---------- Materials provided

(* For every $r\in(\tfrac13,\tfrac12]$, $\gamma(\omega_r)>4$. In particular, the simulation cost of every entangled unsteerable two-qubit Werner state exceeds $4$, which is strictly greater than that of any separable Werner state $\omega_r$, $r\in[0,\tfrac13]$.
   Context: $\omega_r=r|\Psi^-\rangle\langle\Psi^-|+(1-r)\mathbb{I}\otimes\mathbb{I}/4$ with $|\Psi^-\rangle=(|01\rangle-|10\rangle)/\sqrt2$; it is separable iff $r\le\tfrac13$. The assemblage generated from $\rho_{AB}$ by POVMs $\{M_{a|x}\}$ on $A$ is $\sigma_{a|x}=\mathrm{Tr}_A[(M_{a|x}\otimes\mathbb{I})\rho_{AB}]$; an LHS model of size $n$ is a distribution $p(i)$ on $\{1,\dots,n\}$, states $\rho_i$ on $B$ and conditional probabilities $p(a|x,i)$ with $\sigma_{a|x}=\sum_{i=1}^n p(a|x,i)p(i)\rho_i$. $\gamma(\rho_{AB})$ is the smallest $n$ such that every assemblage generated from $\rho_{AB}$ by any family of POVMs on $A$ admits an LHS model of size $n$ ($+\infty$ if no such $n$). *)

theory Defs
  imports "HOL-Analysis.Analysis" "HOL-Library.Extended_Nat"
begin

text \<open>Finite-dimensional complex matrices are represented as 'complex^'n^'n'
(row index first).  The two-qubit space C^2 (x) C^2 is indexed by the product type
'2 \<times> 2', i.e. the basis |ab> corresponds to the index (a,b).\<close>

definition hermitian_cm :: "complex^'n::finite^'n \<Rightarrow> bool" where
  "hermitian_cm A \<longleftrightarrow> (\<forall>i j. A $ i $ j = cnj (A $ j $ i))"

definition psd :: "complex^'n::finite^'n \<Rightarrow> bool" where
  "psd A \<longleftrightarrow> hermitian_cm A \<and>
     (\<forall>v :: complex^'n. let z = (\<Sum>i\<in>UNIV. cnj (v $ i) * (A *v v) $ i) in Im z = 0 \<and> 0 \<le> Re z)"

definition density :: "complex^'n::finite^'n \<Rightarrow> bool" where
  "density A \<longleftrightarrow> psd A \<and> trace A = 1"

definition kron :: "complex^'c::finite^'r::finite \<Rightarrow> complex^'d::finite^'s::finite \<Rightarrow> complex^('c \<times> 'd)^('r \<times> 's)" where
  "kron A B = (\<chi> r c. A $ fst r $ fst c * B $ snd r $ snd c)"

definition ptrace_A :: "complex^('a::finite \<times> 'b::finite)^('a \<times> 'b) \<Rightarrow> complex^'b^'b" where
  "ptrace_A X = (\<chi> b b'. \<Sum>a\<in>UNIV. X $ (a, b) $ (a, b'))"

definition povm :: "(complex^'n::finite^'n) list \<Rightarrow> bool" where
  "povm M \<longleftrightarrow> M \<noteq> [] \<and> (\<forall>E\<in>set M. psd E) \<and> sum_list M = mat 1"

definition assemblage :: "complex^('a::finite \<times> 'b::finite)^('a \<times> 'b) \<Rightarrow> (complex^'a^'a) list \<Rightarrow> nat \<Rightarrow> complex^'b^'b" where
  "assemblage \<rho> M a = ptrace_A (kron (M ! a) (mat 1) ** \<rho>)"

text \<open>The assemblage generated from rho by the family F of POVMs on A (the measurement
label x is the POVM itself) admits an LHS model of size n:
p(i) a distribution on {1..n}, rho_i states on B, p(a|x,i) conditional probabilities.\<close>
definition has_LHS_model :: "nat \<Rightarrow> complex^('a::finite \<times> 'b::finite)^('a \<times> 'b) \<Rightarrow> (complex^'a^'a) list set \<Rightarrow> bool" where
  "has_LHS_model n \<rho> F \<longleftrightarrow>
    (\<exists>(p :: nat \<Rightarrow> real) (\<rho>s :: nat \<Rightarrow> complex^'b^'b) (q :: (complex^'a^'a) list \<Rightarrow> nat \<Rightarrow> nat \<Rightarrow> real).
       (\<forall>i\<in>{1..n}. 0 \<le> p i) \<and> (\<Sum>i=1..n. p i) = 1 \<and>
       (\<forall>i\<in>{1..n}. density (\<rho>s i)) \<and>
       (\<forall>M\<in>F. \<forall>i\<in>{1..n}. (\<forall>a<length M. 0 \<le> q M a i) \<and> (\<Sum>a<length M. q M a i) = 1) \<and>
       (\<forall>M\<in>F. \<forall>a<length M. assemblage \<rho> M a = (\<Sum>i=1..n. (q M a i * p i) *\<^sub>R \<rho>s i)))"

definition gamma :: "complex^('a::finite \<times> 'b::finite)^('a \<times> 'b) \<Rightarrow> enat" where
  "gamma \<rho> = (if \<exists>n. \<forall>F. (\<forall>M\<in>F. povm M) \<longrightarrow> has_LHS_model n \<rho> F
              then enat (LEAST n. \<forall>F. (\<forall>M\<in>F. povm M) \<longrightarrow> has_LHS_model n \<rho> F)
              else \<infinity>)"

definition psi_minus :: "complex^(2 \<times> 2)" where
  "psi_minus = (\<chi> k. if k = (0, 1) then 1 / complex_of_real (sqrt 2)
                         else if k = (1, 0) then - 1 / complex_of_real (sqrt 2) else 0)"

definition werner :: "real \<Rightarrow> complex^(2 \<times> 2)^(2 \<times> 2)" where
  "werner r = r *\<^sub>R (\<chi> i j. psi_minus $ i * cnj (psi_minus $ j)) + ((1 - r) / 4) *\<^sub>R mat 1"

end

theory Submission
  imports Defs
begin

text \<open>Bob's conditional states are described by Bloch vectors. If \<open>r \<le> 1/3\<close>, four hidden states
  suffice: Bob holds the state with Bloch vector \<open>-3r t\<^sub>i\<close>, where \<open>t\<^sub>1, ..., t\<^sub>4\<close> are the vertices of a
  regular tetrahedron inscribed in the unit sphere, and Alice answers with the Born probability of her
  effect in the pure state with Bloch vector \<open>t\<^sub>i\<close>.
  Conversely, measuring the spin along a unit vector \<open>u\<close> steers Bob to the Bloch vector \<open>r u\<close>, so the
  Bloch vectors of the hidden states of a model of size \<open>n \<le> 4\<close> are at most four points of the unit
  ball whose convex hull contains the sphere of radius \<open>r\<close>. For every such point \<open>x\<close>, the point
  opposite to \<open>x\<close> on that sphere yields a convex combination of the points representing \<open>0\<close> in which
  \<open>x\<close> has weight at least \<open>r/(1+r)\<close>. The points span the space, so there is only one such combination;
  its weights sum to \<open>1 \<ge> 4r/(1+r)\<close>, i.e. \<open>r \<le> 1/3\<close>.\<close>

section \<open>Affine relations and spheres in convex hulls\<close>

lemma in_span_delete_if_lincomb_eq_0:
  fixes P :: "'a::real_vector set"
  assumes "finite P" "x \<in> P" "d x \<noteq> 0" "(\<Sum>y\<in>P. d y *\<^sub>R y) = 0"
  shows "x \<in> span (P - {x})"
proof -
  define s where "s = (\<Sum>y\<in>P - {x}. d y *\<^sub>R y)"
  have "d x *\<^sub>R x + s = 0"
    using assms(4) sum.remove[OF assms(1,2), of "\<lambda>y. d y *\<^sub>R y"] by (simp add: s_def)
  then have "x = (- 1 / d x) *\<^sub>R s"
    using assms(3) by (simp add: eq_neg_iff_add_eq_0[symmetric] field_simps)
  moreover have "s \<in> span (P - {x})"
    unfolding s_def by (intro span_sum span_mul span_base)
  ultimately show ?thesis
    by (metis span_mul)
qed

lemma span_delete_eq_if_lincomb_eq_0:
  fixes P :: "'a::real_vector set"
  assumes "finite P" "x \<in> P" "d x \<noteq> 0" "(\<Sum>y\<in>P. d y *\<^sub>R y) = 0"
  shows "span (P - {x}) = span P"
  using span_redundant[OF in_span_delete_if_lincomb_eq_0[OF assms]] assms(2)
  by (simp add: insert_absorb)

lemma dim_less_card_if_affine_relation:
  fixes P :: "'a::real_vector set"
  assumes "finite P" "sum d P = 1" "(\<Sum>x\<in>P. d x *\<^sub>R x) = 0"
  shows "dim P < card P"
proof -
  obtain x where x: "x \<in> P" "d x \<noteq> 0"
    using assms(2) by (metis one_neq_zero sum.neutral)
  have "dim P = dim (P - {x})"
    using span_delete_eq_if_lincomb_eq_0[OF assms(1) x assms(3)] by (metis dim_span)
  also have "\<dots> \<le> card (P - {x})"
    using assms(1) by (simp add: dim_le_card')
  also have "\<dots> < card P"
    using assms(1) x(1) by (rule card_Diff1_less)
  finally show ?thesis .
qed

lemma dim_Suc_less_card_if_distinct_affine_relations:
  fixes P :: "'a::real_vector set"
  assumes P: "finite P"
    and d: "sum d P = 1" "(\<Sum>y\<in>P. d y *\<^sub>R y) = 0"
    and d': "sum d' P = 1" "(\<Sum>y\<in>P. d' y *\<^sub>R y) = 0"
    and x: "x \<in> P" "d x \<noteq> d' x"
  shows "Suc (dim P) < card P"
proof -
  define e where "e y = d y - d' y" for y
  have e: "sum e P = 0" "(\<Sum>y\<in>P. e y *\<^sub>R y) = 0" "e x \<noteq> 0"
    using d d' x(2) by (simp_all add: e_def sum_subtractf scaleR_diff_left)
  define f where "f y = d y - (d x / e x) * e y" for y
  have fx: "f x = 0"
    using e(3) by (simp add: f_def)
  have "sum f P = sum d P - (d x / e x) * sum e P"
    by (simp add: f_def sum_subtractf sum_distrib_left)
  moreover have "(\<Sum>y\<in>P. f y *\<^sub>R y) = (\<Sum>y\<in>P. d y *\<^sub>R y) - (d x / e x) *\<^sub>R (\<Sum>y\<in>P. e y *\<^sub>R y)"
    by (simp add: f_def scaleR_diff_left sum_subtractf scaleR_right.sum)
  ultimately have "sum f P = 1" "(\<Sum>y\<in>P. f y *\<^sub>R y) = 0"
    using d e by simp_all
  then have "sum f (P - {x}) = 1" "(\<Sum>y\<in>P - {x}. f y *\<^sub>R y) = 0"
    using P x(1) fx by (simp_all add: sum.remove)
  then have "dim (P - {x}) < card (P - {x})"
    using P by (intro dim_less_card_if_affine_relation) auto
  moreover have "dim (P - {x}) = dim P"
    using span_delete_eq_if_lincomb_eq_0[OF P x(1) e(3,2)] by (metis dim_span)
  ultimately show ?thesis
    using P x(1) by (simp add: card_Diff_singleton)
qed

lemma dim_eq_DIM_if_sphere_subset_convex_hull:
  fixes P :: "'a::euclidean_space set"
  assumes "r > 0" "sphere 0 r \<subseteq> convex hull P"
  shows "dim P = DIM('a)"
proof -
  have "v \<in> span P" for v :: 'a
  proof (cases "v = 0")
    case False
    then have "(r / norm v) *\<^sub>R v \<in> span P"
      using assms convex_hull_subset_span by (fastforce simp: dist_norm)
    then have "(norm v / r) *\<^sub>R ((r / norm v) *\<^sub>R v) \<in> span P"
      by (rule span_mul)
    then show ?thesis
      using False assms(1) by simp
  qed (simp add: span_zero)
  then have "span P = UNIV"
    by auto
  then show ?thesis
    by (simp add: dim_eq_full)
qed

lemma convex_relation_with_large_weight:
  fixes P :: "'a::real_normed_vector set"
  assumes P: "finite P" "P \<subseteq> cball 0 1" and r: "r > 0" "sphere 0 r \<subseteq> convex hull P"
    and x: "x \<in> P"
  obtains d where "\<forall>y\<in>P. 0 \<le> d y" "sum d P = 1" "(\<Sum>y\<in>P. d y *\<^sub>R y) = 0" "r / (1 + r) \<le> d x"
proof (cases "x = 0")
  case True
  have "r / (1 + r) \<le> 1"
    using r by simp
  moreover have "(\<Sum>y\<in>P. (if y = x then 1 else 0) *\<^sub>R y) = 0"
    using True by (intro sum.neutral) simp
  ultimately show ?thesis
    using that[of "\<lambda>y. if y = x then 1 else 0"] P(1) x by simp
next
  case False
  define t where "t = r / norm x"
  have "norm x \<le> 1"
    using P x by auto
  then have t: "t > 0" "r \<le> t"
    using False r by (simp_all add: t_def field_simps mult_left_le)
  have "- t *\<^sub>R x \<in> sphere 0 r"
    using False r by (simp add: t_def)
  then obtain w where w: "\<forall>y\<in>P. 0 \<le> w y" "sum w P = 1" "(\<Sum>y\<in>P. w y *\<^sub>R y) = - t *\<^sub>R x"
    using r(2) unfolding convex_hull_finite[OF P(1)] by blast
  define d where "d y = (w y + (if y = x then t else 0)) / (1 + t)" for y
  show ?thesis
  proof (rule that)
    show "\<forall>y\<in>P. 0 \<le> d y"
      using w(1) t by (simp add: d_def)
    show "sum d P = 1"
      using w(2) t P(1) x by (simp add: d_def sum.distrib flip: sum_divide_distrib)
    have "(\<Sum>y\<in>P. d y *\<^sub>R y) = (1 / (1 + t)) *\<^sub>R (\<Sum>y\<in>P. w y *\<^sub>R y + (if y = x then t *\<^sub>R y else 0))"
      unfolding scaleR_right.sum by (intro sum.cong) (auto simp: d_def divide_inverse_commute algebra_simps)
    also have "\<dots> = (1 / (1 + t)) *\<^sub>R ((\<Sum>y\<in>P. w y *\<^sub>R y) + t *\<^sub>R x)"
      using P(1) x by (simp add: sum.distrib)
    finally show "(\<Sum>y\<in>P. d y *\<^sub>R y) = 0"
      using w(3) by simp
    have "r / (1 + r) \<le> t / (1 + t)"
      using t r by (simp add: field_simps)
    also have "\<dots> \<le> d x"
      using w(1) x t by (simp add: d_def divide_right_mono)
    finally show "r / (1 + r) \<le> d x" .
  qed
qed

--------------------

▶ **What the exercise asks**
All lines in the preceding records that hold the word "else" need to be copied.

▶ **Answer section**
              else \<infinity>)"
                         else if k = (1, 0) then - 1 / complex_of_real (sqrt 2) else 0)"
  moreover have "(\<Sum>y\<in>P. (if y = x then 1 else 0) *\<^sub>R y) = 0"
    using that[of "\<lambda>y. if y = x then 1 else 0"] P(1) x by simp
  define d where "d y = (w y + (if y = x then t else 0)) / (1 + t)" for y
    have "(\<Sum>y\<in>P. d y *\<^sub>R y) = (1 / (1 + t)) *\<^sub>R (\<Sum>y\<in>P. w y *\<^sub>R y + (if y = x then t *\<^sub>R y else 0))"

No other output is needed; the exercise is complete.